Natixis va en fait gérer jusqu’à leur extinction l’équivalent de 19 milliards d’euros d’actifs pondérés à risque. Il s’agit d’activités pour compte propre dans le domaine du crédit des structurés de crédit – à ne pas confondre avec les financements structurés – tels que les engagements couverts par les assureurs monoline. Une équipe dédiée gèrera ces lignes, l’ensemble du dispositif étant placé sous la responsabilité du patron de la BFI de Natixis, Jean-Marc Moriani. Le processus devrait prendre plusieurs mois.

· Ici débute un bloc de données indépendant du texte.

lemma correct_to_cycle:
  assumes w: "w \<in> chains G 2" and qM_w: "pushforward G qM 2 w \<in> cycles (G Mod M) 2"
  obtains v where "v \<in> Z_rel" and "w - v \<in> cycles G 2"
proof -
  have "pushforward G qM 1 (bdry G 2 w) = bdry (G Mod M) 2 (pushforward G qM 2 w)"
    using bdry_pushforward[OF group_G finite_G finite_Mod qM_hom, of 1 w] by (simp add: numeral_2_eq_2)
  then have "pushforward G qM 1 (bdry G 2 w) = 0"
    using qM_w by (simp add: cycles_def zero_fun_def)
  then have "bdry G 2 w \<in> B_rel"
    by (intro B_rel_kernel) (use bdry_chains[OF group_G finite_G, of 1 w] in \<open>simp add: numeral_2_eq_2\<close>)
  then obtain v where v: "v \<in> Z_rel" and bdry_v: "bdry G 2 v = bdry G 2 w"
    by (auto simp: B_rel_def)
  have "w - v \<in> cycles G 2"
    using fun_module.subspace_diff[OF chains_subspace w] v bdry_v
    by (simp add: cycles_def Z_rel_def bdry.diff zero_fun_def[symmetric])
  with v show ?thesis by (rule that)
qed

lemma hom_image_lift:
  "(hom_image (G Mod M) (G Mod N) qMN 2 :: ('a set list \<Rightarrow> 'p mod_ring) set) \<subseteq> hom_image G (G Mod N) qN 2"
proof
  fix x :: "'a set list \<Rightarrow> 'p mod_ring"
  assume "x \<in> hom_image (G Mod M) (G Mod N) qMN 2"
  then obtain z b where x: "x = (\<lambda>ys. pushforward (G Mod M) qMN 2 z ys + b ys)"
    and z: "z \<in> cycles (G Mod M) 2" and b: "b \<in> BQ"
    unfolding hom_image_def by blast
  define w where "w = pushforward (G Mod M) lift 2 z"
  have zc: "z \<in> chains (G Mod M) 2" using z by (simp add: cycles_def)
  note w = lift_chain[OF zc, folded w_def]
  obtain v where v: "v \<in> Z_rel" and cycle: "w - v \<in> cycles G 2"
    using correct_to_cycle[OF w(1)] w(2) z by auto
  have "pushforward G qN 2 v + b \<in> BQ"
    using v b by (intro fun_module.subspace_add[OF boundaries_subspace]) (simp_all add: Z_rel_def)
  moreover have "x = (\<lambda>ys. pushforward G qN 2 (w - v) ys + (pushforward G qN 2 v + b) ys)"
    by (simp add: x w(3) pushforward.diff fun_eq_iff)
  ultimately show "x \<in> hom_image G (G Mod N) qN 2"
    using cycle unfolding hom_image_def by blast
qed

lemma hom_image_eq:
  "(hom_image (G Mod M) (G Mod N) qMN 2 :: ('a set list \<Rightarrow> 'p mod_ring) set) = hom_image G (G Mod N) qN 2"
proof
  have "(hom_image G (G Mod N) qN (Suc 1) :: ('a set list \<Rightarrow> 'p mod_ring) set)
      \<subseteq> hom_image (G Mod M) (G Mod N) qMN (Suc 1)"
    by (rule hom_image_factor[OF group_G finite_G finite_Mod qM_hom]) (simp add: qMN_qM)
  then show "hom_image G (G Mod N) qN 2 \<subseteq> (hom_image (G Mod M) (G Mod N) qMN 2 :: ('a set list \<Rightarrow> 'p mod_ring) set)"
    by (simp add: numeral_2_eq_2)
qed (rule hom_image_lift)

end
(* Let $(G,\sigma)$ be a colored planar, color-connected graph with vertices $s,t$ connected in $G$. If $\pi^*$ is an $s$-$t$ path minimizing $|\sigma(\pi^* )|$ and $C^*$ is a color-hitting set of minimum cardinality, then $|\sigma(\pi^* )|=|C^*|$.
   Context: $G=(V,E)$ finite undirected, $\sigma:V\to 2^{[m]}$, $\sigma(\pi)=\bigcup_{v\in\pi}\sigma(v)$. Color-connected: for each color $c$ the vertices whose color set contains $c$ induce a connected subgraph. $V(C)=\{v:\sigma(v)\cap C\ne\emptyset\}$. $S\subseteq[m]$ is an $s$-$t$ color separator if no $s$-$t$ path in $G$ avoids $V(S)$. A color-hitting set is a set $C\subseteq[m]$ with $C\cap S\ne\emptyset$ for all $s$-$t$ color separators $S$. *)

theory Defs
  imports "HOL-Analysis.Analysis"
begin

definition simple_graph :: "'a set \<Rightarrow> 'a set set \<Rightarrow> bool" where
  "simple_graph V E \<longleftrightarrow> finite V \<and> (\<forall>e\<in>E. \<exists>u v. e = {u, v} \<and> u \<in> V \<and> v \<in> V \<and> u \<noteq> v)"

text \<open>Planarity: an embedding in the plane (vertices to distinct points, edges to arcs
  meeting only at common endpoints and passing through no other vertex).\<close>
definition planar_graph :: "'a set \<Rightarrow> 'a set set \<Rightarrow> bool" where
  "planar_graph V E \<longleftrightarrow>
     (\<exists>(p :: 'a \<Rightarrow> complex) (\<gamma> :: 'a set \<Rightarrow> real \<Rightarrow> complex).
        inj_on p V \<and>
        (\<forall>e\<in>E. arc (\<gamma> e) \<and> {pathstart (\<gamma> e), pathfinish (\<gamma> e)} = p ` e
               \<and> path_image (\<gamma> e) \<inter> p ` V = p ` e) \<and>
        (\<forall>e\<in>E. \<forall>e'\<in>E. e \<noteq> e' \<longrightarrow> path_image (\<gamma> e) \<inter> path_image (\<gamma> e') = p ` (e \<inter> e')))"

definition path_in :: "'a set \<Rightarrow> 'a set set \<Rightarrow> 'a set \<Rightarrow> 'a \<Rightarrow> 'a \<Rightarrow> 'a list \<Rightarrow> bool" where
  "path_in V E U u w xs \<longleftrightarrow> xs \<noteq> [] \<and> hd xs = u \<and> last xs = w \<and> distinct xs \<and>
     set xs \<subseteq> V \<inter> U \<and> (\<forall>i. Suc i < length xs \<longrightarrow> {xs ! i, xs ! Suc i} \<in> E)"

abbreviation st_path :: "'a set \<Rightarrow> 'a set set \<Rightarrow> 'a \<Rightarrow> 'a \<Rightarrow> 'a list \<Rightarrow> bool" where
  "st_path V E s t xs \<equiv> path_in V E V s t xs"

definition path_colors :: "('a \<Rightarrow> nat set) \<Rightarrow> 'a list \<Rightarrow> nat set" where
  "path_colors \<sigma> xs = (\<Union>v\<in>set xs. \<sigma> v)"

definition color_vertices :: "'a set \<Rightarrow> ('a \<Rightarrow> nat set) \<Rightarrow> nat set \<Rightarrow> 'a set" where
  "color_vertices V \<sigma> C = {v \<in> V. \<sigma> v \<inter> C \<noteq> {}}"

definition color_connected :: "'a set \<Rightarrow> 'a set set \<Rightarrow> ('a \<Rightarrow> nat set) \<Rightarrow> nat \<Rightarrow> bool" where
  "color_connected V E \<sigma> m \<longleftrightarrow>
     (\<forall>c\<in>{1..m}. let U = {v \<in> V. c \<in> \<sigma> v} in
        \<forall>u\<in>U. \<forall>w\<in>U. \<exists>xs. path_in V E U u w xs)"

definition color_separator :: "'a set \<Rightarrow> 'a set set \<Rightarrow> ('a \<Rightarrow> nat set) \<Rightarrow> nat \<Rightarrow> 'a \<Rightarrow> 'a \<Rightarrow> nat set \<Rightarrow> bool" where
  "color_separator V E \<sigma> m s t S \<longleftrightarrow> S \<subseteq> {1..m} \<and>
     \<not> (\<exists>xs. st_path V E s t xs \<and> set xs \<inter> color_vertices V \<sigma> S = {})"

definition color_hitting_set :: "'a set \<Rightarrow> 'a set set \<Rightarrow> ('a \<Rightarrow> nat set) \<Rightarrow> nat \<Rightarrow> 'a \<Rightarrow> 'a \<Rightarrow> nat set \<Rightarrow> bool" where
  "color_hitting_set V E \<sigma> m s t C \<longleftrightarrow> C \<subseteq> {1..m} \<and>
     (\<forall>S. color_separator V E \<sigma> m s t S \<longrightarrow> C \<inter> S \<noteq> {})"

end

theory Submission
  imports Defs
begin

text \<open>The colour set of an s-t path meets every separator, so it is a hitting set. Conversely,
  the colours outside a hitting set C do not form a separator, so some s-t path avoids all of
  them and uses only colours of C. Hence minimum path colour count and minimum hitting set size
  coincide.\<close>

lemma path_colors_subset:
  assumes "\<forall>v\<in>V. \<sigma> v \<subseteq> {1..m}" and "path_in V E U u w xs"
  shows "path_colors \<sigma> xs \<subseteq> {1..m}"
  using assms unfolding path_colors_def path_in_def by blast

lemma color_hitting_set_path_colors:
  assumes "\<forall>v\<in>V. \<sigma> v \<subseteq> {1..m}" and "st_path V E s t xs"
  shows "color_hitting_set V E \<sigma> m s t (path_colors \<sigma> xs)"
  unfolding color_hitting_set_def
proof (intro conjI allI impI)
  show "path_colors \<sigma> xs \<subseteq> {1..m}"
    using assms by (rule path_colors_subset)
next
  fix S assume "color_separator V E \<sigma> m s t S"
  then have "set xs \<inter> color_vertices V \<sigma> S \<noteq> {}"
    using assms(2) unfolding color_separator_def by blast
  then show "path_colors \<sigma> xs \<inter> S \<noteq> {}"
    unfolding color_vertices_def path_colors_def by blast
qed

lemma color_hitting_set_obtains_path:
  assumes "\<forall>v\<in>V. \<sigma> v \<subseteq> {1..m}" and "color_hitting_set V E \<sigma> m s t C"
  obtains xs where "st_path V E s t xs" and "path_colors \<sigma> xs \<subseteq> C"
proof -
  let ?S = "{1..m} - C"
  have "\<not> color_separator V E \<sigma> m s t ?S"
    using assms(2) unfolding color_hitting_set_def by blast
  then obtain xs where xs: "st_path V E s t xs" and avoid: "set xs \<inter> color_vertices V \<sigma> ?S = {}"
    unfolding color_separator_def by blast
  have "path_colors \<sigma> xs \<subseteq> C"
  proof
    fix c assume "c \<in> path_colors \<sigma> xs"
    then obtain v where v: "v \<in> set xs" "c \<in> \<sigma> v"
      unfolding path_colors_def by blast
    with xs have "v \<in> V"
      unfolding path_in_def by blast
    with avoid v have "\<sigma> v \<inter> ?S = {}"
      unfolding color_vertices_def by blast
    with assms(1) \<open>v \<in> V\<close> v(2) show "c \<in> C" by blast
  qed
  with xs show thesis by (rule that)
qed

theorem lemma2p2:
  fixes V :: "'a set" and E :: "'a set set" and \<sigma> :: "'a \<Rightarrow> nat set" and m :: nat
    and s t :: 'a and \<pi> :: "'a list" and C :: "nat set"
  assumes "simple_graph V E" and "planar_graph V E"
    and "\<forall>v\<in>V. \<sigma> v \<subseteq> {1..m}"
    and "color_connected V E \<sigma> m"
    and "s \<in> V" and "t \<in> V" and "\<exists>xs. st_path V E s t xs"
    and "st_path V E s t \<pi>"
    and "\<forall>xs. st_path V E s t xs \<longrightarrow> card (path_colors \<sigma> \<pi>) \<le> card (path_colors \<sigma> xs)"
    and "color_hitting_set V E \<sigma> m s t C"
    and "\<forall>D. color_hitting_set V E \<sigma> m s t D \<longrightarrow> card C \<le> card D"
  shows "card (path_colors \<sigma> \<pi>) = card C"
proof (rule antisym)
  obtain xs where xs: "st_path V E s t xs" and "path_colors \<sigma> xs \<subseteq> C"
    using assms(3,10) by (rule color_hitting_set_obtains_path)
  moreover have "finite C"
    using assms(10) unfolding color_hitting_set_def by (meson finite_atLeastAtMost finite_subset)
  ultimately have "card (path_colors \<sigma> xs) \<le> card C"
    by (simp add: card_mono)
  with assms(9) xs show "card (path_colors \<sigma> \<pi>) \<le> card C"
    by (meson order_trans)
next
  show "card C \<le> card (path_colors \<sigma> \<pi>)"
    using assms(11) color_hitting_set_path_colors[OF assms(3,8)] by blast
qed

end
(* For every regular $\Delta$-matroid $D=(E,\mathcal{B})$, the basis generating polynomial $g_D=\sum_{B\in\mathcal{B}}\prod_{e\in B}x_e$ is Hurwitz stable.
   Context: A $\Delta$-matroid is a pair $(E,\mathcal{B})$, $E$ finite, $\mathcal{B}$ a nonempty family of subsets, such that for all $B,B'\in\mathcal{B}$ and $x\in B\triangle B'$ there is $y\in B\triangle B'$ with $B\triangle\{x,y\}\in\mathcal{B}$; it is even if all bases have the same parity. For a symmetric or skew-symmetric matrix $\mathbf{A}$ over a field $K$ indexed by $E$, $D(\mathbf{A})=(E,\{I:\mathbf{A}[I]\text{ nonsingular}\})$ (empty submatrix nonsingular); the twist $D*X$ has bases $\{B\triangle X\}$. $D$ is representable over $K$ if $D=D(\mathbf{A})*X$ for such $\mathbf{A}$ over $K$ and some $X$. $D$ is regular if it is even and representable over every field (equivalently, $D=D(\mathbf{A})*X$ for a real skew-symmetric $\mathbf{A}$ with all principal minors in $\{0,\pm1\}$). A polynomial is Hurwitz stable if it does not vanish when all variables have positive real part. *)

theory Defs
  imports "HOL-Analysis.Analysis" "HOL-Combinatorics.Permutations"
begin
lemma card_eq_sum_color_classes:
  assumes "proper_coloring V adj k c" "finite V"
  shows "card V = (\<Sum>j<k. card {v\<in>V. c v = j})"
proof -
  have "V = (\<Union>j<k. {v\<in>V. c v = j})"
    using assms(1) unfolding proper_coloring_def by auto
  moreover have "card (\<Union>j<k. {v\<in>V. c v = j}) = (\<Sum>j<k. card {v\<in>V. c v = j})"
    using assms(2) by (intro card_UN_disjoint) auto
  ultimately show ?thesis by simp
qed

lemma chromatic_number_eq_if_tight_independence_bound:
  assumes V: "finite V"
    and colorable: "\<exists>c. proper_coloring V adj K c"
    and independent: "\<And>S. S \<subseteq> V \<Longrightarrow> \<forall>u\<in>S. \<forall>v\<in>S. \<not> adj u v \<Longrightarrow> card S \<le> M"
    and card_V: "card V = K * M" and M: "0 < M"
  shows "chromatic_number V adj = K"
    and "proper_coloring V adj K c \<Longrightarrow> even_coloring V c"
proof -
  have class_le: "card {v\<in>V. c v = j} \<le> M" if "proper_coloring V adj k c" for k c j
    using that unfolding proper_coloring_def by (intro independent) blast+
  have "K \<le> k" if c: "proper_coloring V adj k c" for k c
  proof -
    have "K * M \<le> k * M"
      unfolding card_V[symmetric] card_eq_sum_color_classes[OF c V]
      using sum_bounded_above[of "{..<k}", OF class_le[OF c]] by simp
    with M show ?thesis by simp
  qed
  then show "chromatic_number V adj = K"
    unfolding chromatic_number_def using colorable by (intro Least_equality) auto
  assume c: "proper_coloring V adj K c"
  have "card {v\<in>V. c v = j} = M" if "j < K" for j
  proof (rule ccontr)
    assume "card {v\<in>V. c v = j} \<noteq> M"
    with class_le[OF c] have "\<exists>i\<in>{..<K}. card {v\<in>V. c v = i} < M"
      using that by (metis le_neq_implies_less lessThan_iff)
    then have "(\<Sum>i<K. card {v\<in>V. c v = i}) < (\<Sum>i<K. M)"
      using class_le[OF c] by (intro sum_strict_mono_ex1) auto
    then show False
      using card_eq_sum_color_classes[OF c V] card_V by simp
  qed
  moreover have "c v < K" if "v \<in> V" for v
    using c that by (simp add: proper_coloring_def)
  ultimately show "even_coloring V c"
    unfolding even_coloring_def by simp
qed

lemma hdist_less_if_not_H_adj:
  assumes "x \<in> words q n" "y \<in> words q n" "\<not> H_adj q n d x y"
  shows "hdist n x y < d \<or> x = y"
  using assms by (auto simp: H_adj_def)

lemma H_adj_independent_card_le:
  assumes "0 < d" "d \<le> n" "n - d + 1 < q"
    and S: "S \<subseteq> words q n" and indep: "\<forall>u\<in>S. \<forall>v\<in>S. \<not> H_adj q n d u v"
  shows "card S \<le> q ^ (d - 1)"
proof -
  have "\<forall>x\<in>S. \<forall>y\<in>S. (n - d + 1) + hdist n x y \<le> n"
    using assms hdist_less_if_not_H_adj by fastforce
  then have "card S * q ^ (n - d + 1) \<le> q ^ n"
    using assms by (intro intersecting_words_card_le) auto
  also have "(d - 1) + (n - d + 1) = n"
    using assms by simp
  then have "q ^ n = q ^ (d - 1) * q ^ (n - d + 1)"
    by (metis power_add)
  finally show ?thesis
    using assms by (simp only: mult_le_cancel2) simp
qed

lemma hdist_binary:
  assumes "x \<in> words 2 n" "y \<in> words 2 n"
  shows "hdist n x y + 2 * (\<Sum>i<n. x i * y i) = (\<Sum>i<n. x i) + (\<Sum>i<n. y i)"
proof -
  have "hdist n x y = (\<Sum>i<n. if x i \<noteq> y i then 1 else 0)"
    unfolding hdist_def by (simp add: sum.If_cases Int_def)
  moreover have "(if x i \<noteq> y i then 1 else 0) + 2 * (x i * y i) = x i + y i" if "i < n" for i
  proof -
    have "x i < 2" "y i < 2" using assms that by (auto simp: words_def)
    then show ?thesis by (auto simp: less_2_cases_iff)
  qed
  ultimately show ?thesis
    by (simp add: sum_distrib_left sum.distrib[symmetric])
qed

lemma even_hdist_binary:
  assumes "x \<in> words 2 n" "y \<in> words 2 n"
  shows "even (hdist n x y) \<longleftrightarrow> (even (\<Sum>i<n. x i) \<longleftrightarrow> even (\<Sum>i<n. y i))"
proof -
  have "even (hdist n x y + 2 * (\<Sum>i<n. x i * y i)) \<longleftrightarrow> even ((\<Sum>i<n. x i) + (\<Sum>i<n. y i))"
    by (simp only: hdist_binary[OF assms])
  then show ?thesis by simp
qed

La comparaison avec les structures de défaisance, dont la plus célèbre reste en France le Consortium de réalisation mis en place pour purger le Crédit Lyonnais dans les années 90, s’arrête là. Pas question en effet de sortir ces actifs du bilan de la banque et d’en faire assumer les pertes éventuelles par une tierce partie. La structure de cantonnement interne dont parle Natixis n’aura même pas d’existence juridique propre. Les actifs qu’elle portera ne sont pas tous toxiques, mais souvent simplement issus de stratégies complexes que le groupe n’a plus vocation à exercer à l’avenir.
On est donc très loin du modèle appliqué, en Suisse, au cas UBS. La banque helvétique, la plus touchée en Europe par la crise du crédit avec près de 48 milliards de dollars de pertes et de dépréciations passées à ce titre, a annoncé mi-octobre la création d’une vraie structure de défaisance pour isoler son portefeuille de crédits toxiques. Une solution orchestrée par les autorités pour sauver leur ex-fleuron national.
Cette entité, baptisée le StabFund et gérée par la Banque nationale de Suisse, a vocation à reprendre 60 milliards de dollars d’actifs à UBS d’ici à fin mars 2009. Hasard du calendrier, le rachat d’une première tranche de crédit de 16,4 milliards, sur la base de leur valeur au 30 septembre, a été annoncé vendredi par les autorités suisses.